Gold Plunges on Global Effort to Save Europe's Banks
Gold plunged Thursday after five big central banks announced a plan to inject U.S. dollars into European banks desperate for cash as a result of the continent's now-chronic sovereign debt crisis.
Over the past 20 months, interest rates on bonds of debt-burdened European countries like Greece, Portugal, Ireland, Spain and Italy have risen sharply and U.S. money market funds that typically loan to European banks have watched this growing sovereign debt crisis and have become increasingly reluctant to loan money to European banks that buy the bonds of those debt-burdened countries.
That has created a cycle of higher and higher interest rates, a falling euro, U.S. money market funds withdrawing even more from lending to European banks and, inevitably, European banks becoming desperate for cash.
Faced with the possibility that European banks might experience a Lehman Brothers-style freeze, the U.S. Federal Reserve, the Bank of England, the Bank of Japan and the Swiss National Bank said Thursday they would team up with the European Central Bank to loan U.S. dollars to cash-starved European banks in exchange for euros.
It's obvious the ECB is working hard to get ahead of the market's skittishness about funding availability and the markets are responding accordingly as earlier losses in safe-haven assets are extending with risk assets surging, Adrian Miller, senior vice president of fixed-income strategy at Miller Tabak Roberts Securities, told The Wall Street Journal.
Some traders regarded gold's drop in price as potentially beneficial for gold investors, many of whom regard the fundamental bull-market case for gold as being unchanged by the day's central bank announcement.

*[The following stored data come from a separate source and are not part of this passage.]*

(* Let $\Sigma$ be a signature and consider derivations in $\mathcal{J}(\Sigma)$. Suppose $\vdash_{\bar m}\bar s:\Theta\to\Gamma$. (a) If $\vdash_k B$ type $(\Gamma)$, then $\vdash_{k+\max(\bar m)} B[\bar s/\Gamma]$ type $(\Theta)$. (b) If $\vdash_k b:B\ (\Gamma)$, then $\vdash_{k+\max(\bar m)} b[\bar s/\Gamma]:B[\bar s/\Gamma]\ (\Theta)$.
   Context: Fix an infinite set $V$ of variables with decidable equality, and a fresh variable provider: functions $\varphi,\mathsf{fr}$ assigning to each finite $X\subseteq V$ an inhabited subset $\varphi(X)\subseteq V\setminus X$ and an element $\mathsf{fr}(X)\in\varphi(X)$. Fix disjoint sets $F$ (function symbols) and $T$ (type symbols) with decidable equality. Preelements are terms built from variables and symbols of $F$; a pretype is $S(t_1,\ldots,t_n)$ with $S\in T$ and $t_i$ preelements. $\mathrm{V}(E)$ is the set of variables of an expression $E$, $\equiv$ is syntactic identity, and $E[\bar a/\bar x]$ is simultaneous substitution. A precontext is a sequence $\Gamma=x_1:A_1,\ldots,x_n:A_n$ of pretypes with $x_k\in\varphi(\{x_1,\ldots,x_{k-1}\})$ and $\mathrm{V}(A_k)\subseteq\{x_1,\ldots,x_{k-1}\}$; $\mathrm{OV}(\Gamma)=x_1,\ldots,x_n$, $\mathrm{V}(\Gamma)=\{x_1,\ldots,x_n\}$, $\mathrm{Fresh}(\Gamma)=\varphi(\mathrm{V}(\Gamma))$, $\mathrm{fresh}(\Gamma)=\mathsf{fr}(\mathrm{V}(\Gamma))$, $E[\bar a/\Gamma]=E[\bar a/x_1,\ldots,x_n]$. Top variables: $\mathrm{TV}(\langle\rangle)=\emptyset$, $\mathrm{TV}(\Gamma,x:A)=(\mathrm{TV}(\Gamma)\setminus\mathrm{V}(A))\cup\{x\}$. A determining sequence for $\Gamma$ is a strictly increasing $\bar i=i_1,\ldots,i_k$ in $\{1,\ldots,n\}$ with $\mathrm{TV}(\Gamma)\subseteq\{x_{i_1},\ldots,x_{i_k}\}$; for $\bar a=a_1,\ldots,a_n$ put $\bar a_{\bar i}=a_{i_1},\ldots,a_{i_k}$. A type predeclaration is $(\Gamma,S,\bar i)$ with $S\in T$, $\bar i$ determining; a function predeclaration is $(\Gamma,f,\bar i,U)$ with $f\in F$, $\bar i$ determining, $U$ a pretype with $\mathrm{V}(U)\subseteq\mathrm{V}(\Gamma)$. A presignature is a set $\Sigma$ of predeclarations with no symbol declared twice. Judgements are "$\Gamma$ context", "$A$ type $(\Gamma)$", "$a:A\ (\Gamma)$". $\mathcal{J}(\Sigma)$ is the smallest set of judgements closed under: (R1) $\langle\rangle$ context; (R2) from $\Gamma$ context and $A$ type $(\Gamma)$ infer $\Gamma,x:A$ context, for $x\in\mathrm{Fresh}(\Gamma)$; (R3) from $x_1:A_1,\ldots,x_n:A_n$ context infer $x_i:A_i\ (x_1:A_1,\ldots,x_n:A_n)$; (R4) if $(\Gamma,S,\bar i)\in\Sigma$ and $\bar a:\Delta\to\Gamma$, infer $S(\bar a_{\bar i})$ type $(\Delta)$; (R5) if $(\Gamma,f,\bar i,U)\in\Sigma$, $\bar a:\Delta\to\Gamma$ and $U[\bar a/\Gamma]$ type $(\Delta)$, infer $f(\bar a_{\bar i}):U[\bar a/\Gamma]\ (\Delta)$. Here, for $\Gamma=x_1:A_1,\ldots,x_n:A_n$, the context map "$\bar a:\Delta\to\Gamma$" abbreviates the $n+2$ judgements $\Delta$ context, $\Gamma$ context, and $a_k:A_k[a_1,\ldots,a_{k-1}/x_1,\ldots,x_{k-1}]\ (\Delta)$ for $k=1,\ldots,n$. $\Sigma$ is a signature if ($\Gamma$ context)$\in\mathcal{J}(\Sigma)$ whenever $(\Gamma,S,\bar i)\in\Sigma$, and ($U$ type $(\Gamma)$)$\in\mathcal{J}(\Sigma)$ whenever $(\Gamma,f,\bar i,U)\in\Sigma$. Heights: a derivation consisting of a single application of (R1) has height $0$; applying a rule to premisses derived with heights $h_1,\ldots,h_r$ gives height $1+\max_j h_j$. $\vdash_k\mathcal U$ means $\mathcal U$ has a derivation in $\mathcal{J}(\Sigma)$ of height at most $k$. For a context map $\bar a:\Delta\to\Gamma$ with $|\Gamma|=n$, $\vdash_{m_1,\ldots,m_{n+2}}\bar a:\Delta\to\Gamma$ means its $n+2$ constituent judgements (in the order listed above) have derivations of heights at most $m_1,\ldots,m_{n+2}$; $\max(\bar m)$ is the largest $m_j$. *)

theory Defs
  imports Main
begin

text \<open>Variables have type 'v, function symbols type 'f, type symbols type 't.
  Using separate HOL types makes F and T disjoint; equality is decidable in HOL.\<close>

datatype ('v, 'f) pelem = Var 'v | App 'f "('v, 'f) pelem list"

datatype ('v, 'f, 't) ptype = PT 't "('v, 'f) pelem list"

primrec varsE :: "('v, 'f) pelem \<Rightarrow> 'v set" where
  "varsE (Var x) = {x}"
| "varsE (App f ts) = \<Union> (set (map varsE ts))"

primrec varsT :: "('v, 'f, 't) ptype \<Rightarrow> 'v set" where
  "varsT (PT S ts) = \<Union> (set (map varsE ts))"

primrec substE :: "('v \<Rightarrow> ('v, 'f) pelem) \<Rightarrow> ('v, 'f) pelem \<Rightarrow> ('v, 'f) pelem" where
  "substE \<sigma> (Var x) = \<sigma> x"
| "substE \<sigma> (App f ts) = App f (map (substE \<sigma>) ts)"

primrec substT :: "('v \<Rightarrow> ('v, 'f) pelem) \<Rightarrow> ('v, 'f, 't) ptype \<Rightarrow> ('v, 'f, 't) ptype" where
  "substT \<sigma> (PT S ts) = PT S (map (substE \<sigma>) ts)"

definition sub :: "'v list \<Rightarrow> ('v, 'f) pelem list \<Rightarrow> 'v \<Rightarrow> ('v, 'f) pelem" where
  "sub xs as = (\<lambda>v. case map_of (zip xs as) v of Some a \<Rightarrow> a | None \<Rightarrow> Var v)"

type_synonym ('v, 'f, 't) ctx = "('v \<times> ('v, 'f, 't) ptype) list"

definition OV :: "('v, 'f, 't) ctx \<Rightarrow> 'v list" where
  "OV \<Gamma> = map fst \<Gamma>"

definition VC :: "('v, 'f, 't) ctx \<Rightarrow> 'v set" where
  "VC \<Gamma> = set (OV \<Gamma>)"

definition fresh_provider :: "('v set \<Rightarrow> 'v set) \<Rightarrow> ('v set \<Rightarrow> 'v) \<Rightarrow> bool" where
  "fresh_provider \<phi> fr \<longleftrightarrow> infinite (UNIV :: 'v set) \<and>
     (\<forall>X. finite X \<longrightarrow> \<phi> X \<subseteq> - X \<and> fr X \<in> \<phi> X)"

definition precontext :: "('v set \<Rightarrow> 'v set) \<Rightarrow> ('v, 'f, 't) ctx \<Rightarrow> bool" where
  "precontext \<phi> \<Gamma> \<longleftrightarrow> (\<forall>k < length \<Gamma>.
      fst (\<Gamma> ! k) \<in> \<phi> (set (map fst (take k \<Gamma>))) \<and>
      varsT (snd (\<Gamma> ! k)) \<subseteq> set (map fst (take k \<Gamma>)))"

definition TV :: "('v, 'f, 't) ctx \<Rightarrow> 'v set" where
  "TV \<Gamma> = foldl (\<lambda>S (x, A). (S - varsT A) \<union> {x}) {} \<Gamma>"

text \<open>Determining sequences use 1-based indices i_1 < ... < i_k in {1..n}.\<close>
definition determining :: "('v, 'f, 't) ctx \<Rightarrow> nat list \<Rightarrow> bool" where
  "determining \<Gamma> is \<longleftrightarrow> sorted_wrt (<) is \<and> (\<forall>i \<in> set is. 1 \<le> i \<and> i \<le> length \<Gamma>) \<and>
     TV \<Gamma> \<subseteq> {fst (\<Gamma> ! (i - 1)) | i. i \<in> set is}"

definition sel :: "'a list \<Rightarrow> nat list \<Rightarrow> 'a list" where
  "sel as is = map (\<lambda>i. as ! (i - 1)) is"

datatype ('v, 'f, 't) decl =
    TDecl "('v, 'f, 't) ctx" 't "nat list"
  | FDecl "('v, 'f, 't) ctx" 'f "nat list" "('v, 'f, 't) ptype"

primrec predecl :: "('v set \<Rightarrow> 'v set) \<Rightarrow> ('v, 'f, 't) decl \<Rightarrow> bool" where
  "predecl \<phi> (TDecl \<Gamma> S is) \<longleftrightarrow> precontext \<phi> \<Gamma> \<and> determining \<Gamma> is"
| "predecl \<phi> (FDecl \<Gamma> f is U) \<longleftrightarrow> precontext \<phi> \<Gamma> \<and> determining \<Gamma> is \<and> varsT U \<subseteq> VC \<Gamma>"

primrec decl_sym :: "('v, 'f, 't) decl \<Rightarrow> 'f + 't" where
  "decl_sym (TDecl \<Gamma> S is) = Inr S"
| "decl_sym (FDecl \<Gamma> f is U) = Inl f"

definition presignature :: "('v set \<Rightarrow> 'v set) \<Rightarrow> ('v, 'f, 't) decl set \<Rightarrow> bool" where
  "presignature \<phi> \<Sigma> \<longleftrightarrow> (\<forall>d \<in> \<Sigma>. predecl \<phi> d) \<and>
     (\<forall>d1 \<in> \<Sigma>. \<forall>d2 \<in> \<Sigma>. decl_sym d1 = decl_sym d2 \<longrightarrow> d1 = d2)"

datatype ('v, 'f, 't) judg =
    IsCtx "('v, 'f, 't) ctx"
  | IsType "('v, 'f, 't) ctx" "('v, 'f, 't) ptype"
  | HasType "('v, 'f, 't) ctx" "('v, 'f) pelem" "('v, 'f, 't) ptype"

text \<open>The n+2 judgements abbreviated by the context map  as : Delta -> Gamma, in order.\<close>
definition cmap_judgs ::
  "('v, 'f) pelem list \<Rightarrow> ('v, 'f, 't) ctx \<Rightarrow> ('v, 'f, 't) ctx \<Rightarrow> ('v, 'f, 't) judg list" where
  "cmap_judgs as \<Delta> \<Gamma> = [IsCtx \<Delta>, IsCtx \<Gamma>] @
     map (\<lambda>k. HasType \<Delta> (as ! k)
               (substT (sub (take k (OV \<Gamma>)) (take k as)) (snd (\<Gamma> ! k)))) [0..<length \<Gamma>]"

text \<open>der phi Sigma J h: J has a derivation in J(Sigma) of height exactly h.\<close>
inductive der :: "('v set \<Rightarrow> 'v set) \<Rightarrow> ('v, 'f, 't) decl set \<Rightarrow> ('v, 'f, 't) judg \<Rightarrow> nat \<Rightarrow> bool"
  for \<phi> \<Sigma> where
  R1: "der \<phi> \<Sigma> (IsCtx []) 0"
| R2: "der \<phi> \<Sigma> (IsCtx \<Gamma>) h1 \<Longrightarrow> der \<phi> \<Sigma> (IsType \<Gamma> A) h2 \<Longrightarrow> x \<in> \<phi> (VC \<Gamma>) \<Longrightarrow>
       der \<phi> \<Sigma> (IsCtx (\<Gamma> @ [(x, A)])) (Suc (max h1 h2))"
| R3: "der \<phi> \<Sigma> (IsCtx \<Gamma>) h \<Longrightarrow> i < length \<Gamma> \<Longrightarrow>
       der \<phi> \<Sigma> (HasType \<Gamma> (Var (fst (\<Gamma> ! i))) (snd (\<Gamma> ! i))) (Suc h)"
| R4: "TDecl \<Gamma> S is \<in> \<Sigma> \<Longrightarrow> length as = length \<Gamma> \<Longrightarrow>
       length hs = length (cmap_judgs as \<Delta> \<Gamma>) \<Longrightarrow>
       (\<forall>j < length hs. der \<phi> \<Sigma> (cmap_judgs as \<Delta> \<Gamma> ! j) (hs ! j)) \<Longrightarrow>
       der \<phi> \<Sigma> (IsType \<Delta> (PT S (sel as is))) (Suc (Max (set hs)))"
| R5: "FDecl \<Gamma> f is U \<in> \<Sigma> \<Longrightarrow> length as = length \<Gamma> \<Longrightarrow>
       length hs = length (cmap_judgs as \<Delta> \<Gamma>) \<Longrightarrow>
       (\<forall>j < length hs. der \<phi> \<Sigma> (cmap_judgs as \<Delta> \<Gamma> ! j) (hs ! j)) \<Longrightarrow>
       der \<phi> \<Sigma> (IsType \<Delta> (substT (sub (OV \<Gamma>) as) U)) h \<Longrightarrow>
       der \<phi> \<Sigma> (HasType \<Delta> (App f (sel as is)) (substT (sub (OV \<Gamma>) as) U))
         (Suc (max (Max (set hs)) h))"

definition derivable :: "('v set \<Rightarrow> 'v set) \<Rightarrow> ('v, 'f, 't) decl set \<Rightarrow> ('v, 'f, 't) judg \<Rightarrow> bool" where
  "derivable \<phi> \<Sigma> J \<longleftrightarrow> (\<exists>h. der \<phi> \<Sigma> J h)"

definition der_le :: "('v set \<Rightarrow> 'v set) \<Rightarrow> ('v, 'f, 't) decl set \<Rightarrow> nat \<Rightarrow> ('v, 'f, 't) judg \<Rightarrow> bool" where
  "der_le \<phi> \<Sigma> k J \<longleftrightarrow> (\<exists>h \<le> k. der \<phi> \<Sigma> J h)"

definition cmap_le ::
  "('v set \<Rightarrow> 'v set) \<Rightarrow> ('v, 'f, 't) decl set \<Rightarrow> nat list \<Rightarrow> ('v, 'f) pelem list \<Rightarrow>
   ('v, 'f, 't) ctx \<Rightarrow> ('v, 'f, 't) ctx \<Rightarrow> bool" where
  "cmap_le \<phi> \<Sigma> ms as \<Delta> \<Gamma> \<longleftrightarrow> length as = length \<Gamma> \<and>
     length ms = length (cmap_judgs as \<Delta> \<Gamma>) \<and>
     (\<forall>j < length ms. der_le \<phi> \<Sigma> (ms ! j) (cmap_judgs as \<Delta> \<Gamma> ! j))"

definition signature :: "('v set \<Rightarrow> 'v set) \<Rightarrow> ('v, 'f, 't) decl set \<Rightarrow> bool" where
  "signature \<phi> \<Sigma> \<longleftrightarrow> presignature \<phi> \<Sigma> \<and>
     (\<forall>\<Gamma> S is. TDecl \<Gamma> S is \<in> \<Sigma> \<longrightarrow> derivable \<phi> \<Sigma> (IsCtx \<Gamma>)) \<and>
     (\<forall>\<Gamma> f is U. FDecl \<Gamma> f is U \<in> \<Sigma> \<longrightarrow> derivable \<phi> \<Sigma> (IsType \<Gamma> U))"

end

theory Submission imports Defs begin

text \<open>
  Induction on the derivation of the judgement in context \<Gamma>. Context judgements
  (rules R1, R2) are sent to "\<Theta> context", which by hypothesis has height at most max m.
  A variable judgement x_i : A_i (\<Gamma>) is sent to s_i : A_i[s_1..s_(i-1)] (\<Theta>), one of the
  judgements of the context map itself; this needs the variables of \<Gamma> to be distinct, which
  holds because derivable contexts are precontexts. For an instance of a declaration over \<Gamma>'
  with premisses a : \<Gamma> \<rightarrow> \<Gamma>', composing substitutions yields a[s] : \<Theta> \<rightarrow> \<Gamma>': the premiss
  "\<Gamma>' context" is kept and every other premiss is replaced by its substitution instance,
  whose height grows by at most max m.
\<close>

lemma substE_cong: "(\<And>v. v \<in> varsE t \<Longrightarrow> \<sigma> v = \<tau> v) \<Longrightarrow> substE \<sigma> t = substE \<tau> t"
  by (induction t) auto

lemma substT_cong: "(\<And>v. v \<in> varsT A \<Longrightarrow> \<sigma> v = \<tau> v) \<Longrightarrow> substT \<sigma> A = substT \<tau> A"
  by (cases A) (auto intro!: substE_cong)

lemma substE_substE: "substE \<tau> (substE \<sigma> t) = substE (\<lambda>v. substE \<tau> (\<sigma> v)) t"
  by (induction t) auto

lemma substT_substT: "substT \<tau> (substT \<sigma> A) = substT (\<lambda>v. substE \<tau> (\<sigma> v)) A"
  by (cases A) (auto simp: substE_substE)

lemma sub_map:
  assumes "length xs = length as" and "v \<in> set xs"
  shows "sub xs (map g as) v = g (sub xs as v)"
proof -
  obtain a where a: "map_of (zip xs as) v = Some a"
    using assms map_of_zip_is_None[of xs as v] by fastforce
  then have "map_of (zip xs (map g as)) v = Some (g a)"
    by (simp add: zip_map2 map_of_map)
  with a show ?thesis by (simp add: sub_def)
qed

lemma substT_sub_substT:
  assumes "length xs = length as" and "varsT A \<subseteq> set xs"
  shows "substT \<tau> (substT (sub xs as) A) = substT (sub xs (map (substE \<tau>) as)) A"
  unfolding substT_substT using assms by (auto intro!: substT_cong simp: sub_map)

lemma sub_take:
  assumes l: "length xs = length as" and v: "v \<in> set (take i xs)"
  shows "sub (take i xs) (take i as) v = sub xs as v"
proof -
  have z: "zip (take i xs) (take i as) = take i (zip xs as)" by (simp add: take_zip)
  have len_take: "length (take i xs) = length (take i as)" using l by simp
  obtain a where a: "map_of (take i (zip xs as)) v = Some a"
    using map_of_zip_is_None[OF len_take, of v] v z by auto
  have "map_of (zip xs as) v = Some a"
    using a map_of_append[of "take i (zip xs as)" "drop i (zip xs as)"]
    by (simp add: map_add_def)
  then show ?thesis using a z by (simp add: sub_def)
qed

It could be good for gold to make a base that would help it go higher later in the year and test the $2,000 level, said George Cocalis, senior market strategist at PFG Best in Chicago. I think $1,750 is a key number, if it can hold there then I would expect gold to move sideways and consolidate for a while under $1,800 before it moves higher.
Gold on the New York futures market closed down $45.10, or 2.5 percent, to $1,781.40. Gold for immediate delivery fell $28.46 to $1,782.91.
Silver on the New York futures market closed down $1.03 to $39.50. Silver for immediate delivery fell 82 cents to $39.56.
The dollar was down sharply against the euro and all three major U.S. stock market indexes were higher by more than 1 percent.